>>13236020I assume you actually want to solve the Computational Diffie-Hellman (CDH) problem, where given g^a, g^b, and p, compute g^(ab), all numbers modulo p. This is what's used in crypto - Alice has a, Bob has b, and they both compute g^(ab) in the final step.
The discrete logarithm (DL) problem is different, that's saying given g, g^a, and p, find a. In fact, if we can solve DL, then we can certainly solve CDH (by finding a and b), but if we can solve CDH, it doesn't imply we can solve DL. This shows the two problems aren't the same in terms of difficulty, and could imply DL isn't necessary to solve CDH. We still don't know if finding a or b is a necessary step in solving CDH.

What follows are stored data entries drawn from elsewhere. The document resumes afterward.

(* Let $\Gamma=(V,E)$ be a simple, acyclic, modular directed graph and let $F\subseteq E$ be a complete connected set of edges. Let $u,v\in V(F)$ be such that there is no directed path in $\Gamma(F)$ from $u$ to $v$. Then (1) there exists an edge $f\in F$ with $t(f)=v$, and (2) there exists an edge $e\in F$ with $h(e)=u$.
   Context: Each edge $e$ has tail $t(e)$ and head $h(e)$; simple means edges with the same tail and head coincide; acyclic means no directed path of positive length from a vertex to itself. A directed path is $e_1,\dots,e_k$ with $t(e_{i+1})=h(e_i)$; a vertex is joined to itself by the path of length $0$. $\Gamma$ is modular if for any two distinct edges $e_1,e_2$ with a common tail there exist edges $f_1,f_2$ with a common head and $h(e_i)=t(f_i)$, and for any two distinct edges $h_1,h_2$ with a common head there exist edges $g_1,g_2$ with a common tail and $h(g_i)=t(h_i)$. D-operation: from distinct edges $e_1,e_2$ with a common tail, any pair $f_1,f_2$ with a common head and $h(e_i)=t(f_i)$ is obtained; U-operation: from distinct edges $f_1',f_2'$ with a common head, any pair $e_1',e_2'$ with a common tail and $h(e_i')=t(f_i')$ is obtained. $F$ is complete if all results of D- and U-operations applied to edges of $F$ lie in $F$. $V(F)$ is the set of heads and tails of edges of $F$, and $\Gamma(F)$ is the subgraph with vertex set $V(F)$ and edge set $F$. $F$ is connected if the undirected graph underlying $\Gamma(F)$ is connected. *)

theory Defs
  imports Main
begin

text \<open>A simple directed graph is given by a vertex set V and an edge set
E \<subseteq> V \<times> V; an edge e is the pair (t e, h e), i.e. tail = fst, head = snd.
Simplicity (edges with same tail and head coincide) is built into this encoding.\<close>

definition tl_e :: "'a \<times> 'a \<Rightarrow> 'a" where "tl_e e = fst e"
definition hd_e :: "'a \<times> 'a \<Rightarrow> 'a" where "hd_e e = snd e"

definition modular :: "('a \<times> 'a) set \<Rightarrow> bool" where
  "modular E \<longleftrightarrow>
     (\<forall>e1\<in>E. \<forall>e2\<in>E. e1 \<noteq> e2 \<and> tl_e e1 = tl_e e2 \<longrightarrow>
        (\<exists>f1\<in>E. \<exists>f2\<in>E. hd_e f1 = hd_e f2 \<and> hd_e e1 = tl_e f1 \<and> hd_e e2 = tl_e f2)) \<and>
     (\<forall>h1\<in>E. \<forall>h2\<in>E. h1 \<noteq> h2 \<and> hd_e h1 = hd_e h2 \<longrightarrow>
        (\<exists>g1\<in>E. \<exists>g2\<in>E. tl_e g1 = tl_e g2 \<and> hd_e g1 = tl_e h1 \<and> hd_e g2 = tl_e h2))"

definition complete_edges :: "('a \<times> 'a) set \<Rightarrow> ('a \<times> 'a) set \<Rightarrow> bool" where
  "complete_edges E F \<longleftrightarrow>
     (\<forall>e1\<in>F. \<forall>e2\<in>F. e1 \<noteq> e2 \<and> tl_e e1 = tl_e e2 \<longrightarrow>
        (\<forall>f1\<in>E. \<forall>f2\<in>E. hd_e f1 = hd_e f2 \<and> hd_e e1 = tl_e f1 \<and> hd_e e2 = tl_e f2
            \<longrightarrow> f1 \<in> F \<and> f2 \<in> F)) \<and>
     (\<forall>f1\<in>F. \<forall>f2\<in>F. f1 \<noteq> f2 \<and> hd_e f1 = hd_e f2 \<longrightarrow>
        (\<forall>e1\<in>E. \<forall>e2\<in>E. tl_e e1 = tl_e e2 \<and> hd_e e1 = tl_e f1 \<and> hd_e e2 = tl_e f2
            \<longrightarrow> e1 \<in> F \<and> e2 \<in> F))"

definition VF :: "('a \<times> 'a) set \<Rightarrow> 'a set" where
  "VF F = tl_e ` F \<union> hd_e ` F"

definition connected_edges :: "('a \<times> 'a) set \<Rightarrow> bool" where
  "connected_edges F \<longleftrightarrow> (\<forall>x\<in>VF F. \<forall>y\<in>VF F. (x, y) \<in> (F \<union> F\<inverse>)\<^sup>*)"

definition dpath :: "('a \<times> 'a) set \<Rightarrow> 'a \<Rightarrow> 'a \<Rightarrow> bool" where
  "dpath F u v \<longleftrightarrow> (u, v) \<in> F\<^sup>*"

end

theory Submission
  imports Defs
begin

text \<open>Suppose no edge of F leaves v. If a reaches v in \<Gamma>(F) and (a,b) is an edge of F,
then b reaches v too: if b is not the next vertex y on a path from a to v, the D-operation
applied to the fork (a,b), (a,y) gives edges (b,z), (y,z) of F, and z reaches v by induction
along the path. Hence along an undirected path from u to v every vertex reaches v,
so u does, contrary to the hypothesis. The claim about u is the dual one, obtained by
reversing all edges, which preserves modularity and completeness.\<close>

lemma modular_iff:
  "modular E \<longleftrightarrow>
     (\<forall>a b c. (a, b) \<in> E \<and> (a, c) \<in> E \<and> b \<noteq> c \<longrightarrow> (\<exists>z. (b, z) \<in> E \<and> (c, z) \<in> E)) \<and>
     (\<forall>a b c. (b, a) \<in> E \<and> (c, a) \<in> E \<and> b \<noteq> c \<longrightarrow> (\<exists>z. (z, b) \<in> E \<and> (z, c) \<in> E))"
  unfolding modular_def tl_e_def hd_e_def
  by (simp add: Ball_def Bex_def split_paired_All split_paired_Ex) blast

lemma complete_edges_iff:
  "complete_edges E F \<longleftrightarrow>
     (\<forall>a b c z. (a, b) \<in> F \<and> (a, c) \<in> F \<and> b \<noteq> c \<and> (b, z) \<in> E \<and> (c, z) \<in> E
        \<longrightarrow> (b, z) \<in> F \<and> (c, z) \<in> F) \<and>
     (\<forall>a b c z. (b, a) \<in> F \<and> (c, a) \<in> F \<and> b \<noteq> c \<and> (z, b) \<in> E \<and> (z, c) \<in> E
        \<longrightarrow> (z, b) \<in> F \<and> (z, c) \<in> F)"
  unfolding complete_edges_def tl_e_def hd_e_def by (simp add: Ball_def split_paired_All) blast

lemma modular_converse: "modular (E\<inverse>) \<longleftrightarrow> modular E"
  unfolding modular_iff by blast

lemma complete_edges_converse: "complete_edges (E\<inverse>) (F\<inverse>) \<longleftrightarrow> complete_edges E F"
  unfolding complete_edges_iff by blast

lemma complete_modular_fork_closes:
  assumes "modular E" "F \<subseteq> E" "complete_edges E F"
    and "(a, b) \<in> F" "(a, c) \<in> F" "b \<noteq> c"
  obtains z where "(b, z) \<in> F" "(c, z) \<in> F"
proof -
  obtain z where "(b, z) \<in> E" "(c, z) \<in> E"
    using assms(1,2,4-6) unfolding modular_iff by blast
  then show thesis
    using assms(3-6) that unfolding complete_edges_iff by blast
qed

lemma reaches_sink_from_successor:
  assumes "modular E" "F \<subseteq> E" "complete_edges E F" "v \<notin> fst ` F"
    and "(a, v) \<in> F\<^sup>*" "(a, b) \<in> F"
  shows "(b, v) \<in> F\<^sup>*"
  using assms(5,6)
proof (induction arbitrary: b rule: converse_rtrancl_induct)
  case base
  then show ?case using assms(4) by force
next
  case (step a y)
  show ?case
  proof (cases "b = y")
    case True
    then show ?thesis using step.hyps(2) by simp
  next
    case False
    then obtain z where "(b, z) \<in> F" "(y, z) \<in> F"
      using complete_modular_fork_closes[OF assms(1-3) step.prems step.hyps(1)] by blast
    then show ?thesis using step.IH by (meson converse_rtrancl_into_rtrancl)
  qed
qed

lemma reaches_sink_if_connected:
  assumes "modular E" "F \<subseteq> E" "complete_edges E F" "v \<notin> fst ` F"
    and "(u, v) \<in> (F \<union> F\<inverse>)\<^sup>*"
  shows "(u, v) \<in> F\<^sup>*"
  using assms(5)
proof (induction rule: converse_rtrancl_induct)
  case base
  then show ?case by simp
next
  case (step x y)
  then consider "(x, y) \<in> F" | "(y, x) \<in> F" by blast
  then show ?case
  proof cases
    case 1
    then show ?thesis using step.IH by simp
  next
    case 2
    then show ?thesis using reaches_sink_from_successor[OF assms(1-4) step.IH] by simp
  qed
qed

lemma reached_from_source_if_connected:
  assumes "modular E" "F \<subseteq> E" "complete_edges E F" "u \<notin> snd ` F"
    and "(u, v) \<in> (F \<union> F\<inverse>)\<^sup>*"
  shows "(u, v) \<in> F\<^sup>*"
proof -
  have "(v, u) \<in> (F \<union> F\<inverse>)\<^sup>*"
    using assms(5) by (meson sym_Un_converse sym_rtrancl symD)
  then have "(v, u) \<in> (F\<inverse> \<union> (F\<inverse>)\<inverse>)\<^sup>*"
    by (simp add: Un_commute)
  moreover have "u \<notin> fst ` F\<inverse>"
    using assms(4) by force
  ultimately have "(v, u) \<in> (F\<inverse>)\<^sup>*"
    using reaches_sink_if_connected[of "E\<inverse>" "F\<inverse>"] assms(1-3)
    by (simp add: modular_converse complete_edges_converse converse_mono)
  then show ?thesis
    by (simp add: rtrancl_converse)
qed

theorem lemma3p2p5:
  fixes V :: "'a set" and E F :: "('a \<times> 'a) set" and u v :: 'a
  assumes "E \<subseteq> V \<times> V"
    and "acyclic E"
    and "modular E"
    and "F \<subseteq> E"
    and "complete_edges E F"
    and "connected_edges F"
    and "u \<in> VF F" and "v \<in> VF F"
    and "\<not> dpath F u v"
  shows "(\<exists>f\<in>F. tl_e f = v) \<and> (\<exists>e\<in>F. hd_e e = u)"
proof -
  have connected: "(u, v) \<in> (F \<union> F\<inverse>)\<^sup>*"
    using assms(6-8) unfolding connected_edges_def by blast
  have no_path: "(u, v) \<notin> F\<^sup>*"
    using assms(9) unfolding dpath_def .
  have "v \<in> fst ` F"
    using reaches_sink_if_connected[OF assms(3-5) _ connected] no_path by blast
  moreover have "u \<in> snd ` F"
    using reached_from_source_if_connected[OF assms(3-5) _ connected] no_path by blast
  ultimately show ?thesis
    unfolding tl_e_def hd_e_def by blast
qed

end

Anyways, there's two reasons I think these problems are intractable.
First of all, it was shown a few years ago that any algorithm that solves CDH in better than subexponential time can't rely on group properties or """standard""" arithmetic operations. It must use some sort of "meta" information, like the way group elements have been encoded - how we represent g^a and g^b. Don't remember the paper but it'll come to me eventually. Even if there was some magic trick that worked for, say, fields like Z_p, what about elliptic curves, or other objects with a ring structure?
Further, the discrete log family of problems has random self-reducibility. This means DL is either hard everywhere or hard nowhere (from a density perspective). Given an algorithm A that solves DL with probability 1/poly(n), we can amplify the success to arbitrarily high probabilities by constructing algorithm B like so:
>given g, g^x>pick random y>send g, g^(xy) to A>with prob 1/poly(n), get z = xy, compute x = y * z^-1>otherwise, go back to step 2.Note 1/poly(n) can be arbitrarily small, 1/n^100, 1/n^1000, 1/n^1e100, it doesn't matter. If there was an algorithm that solved DL with even near-negligible probability, then we could solve DL with near certainty.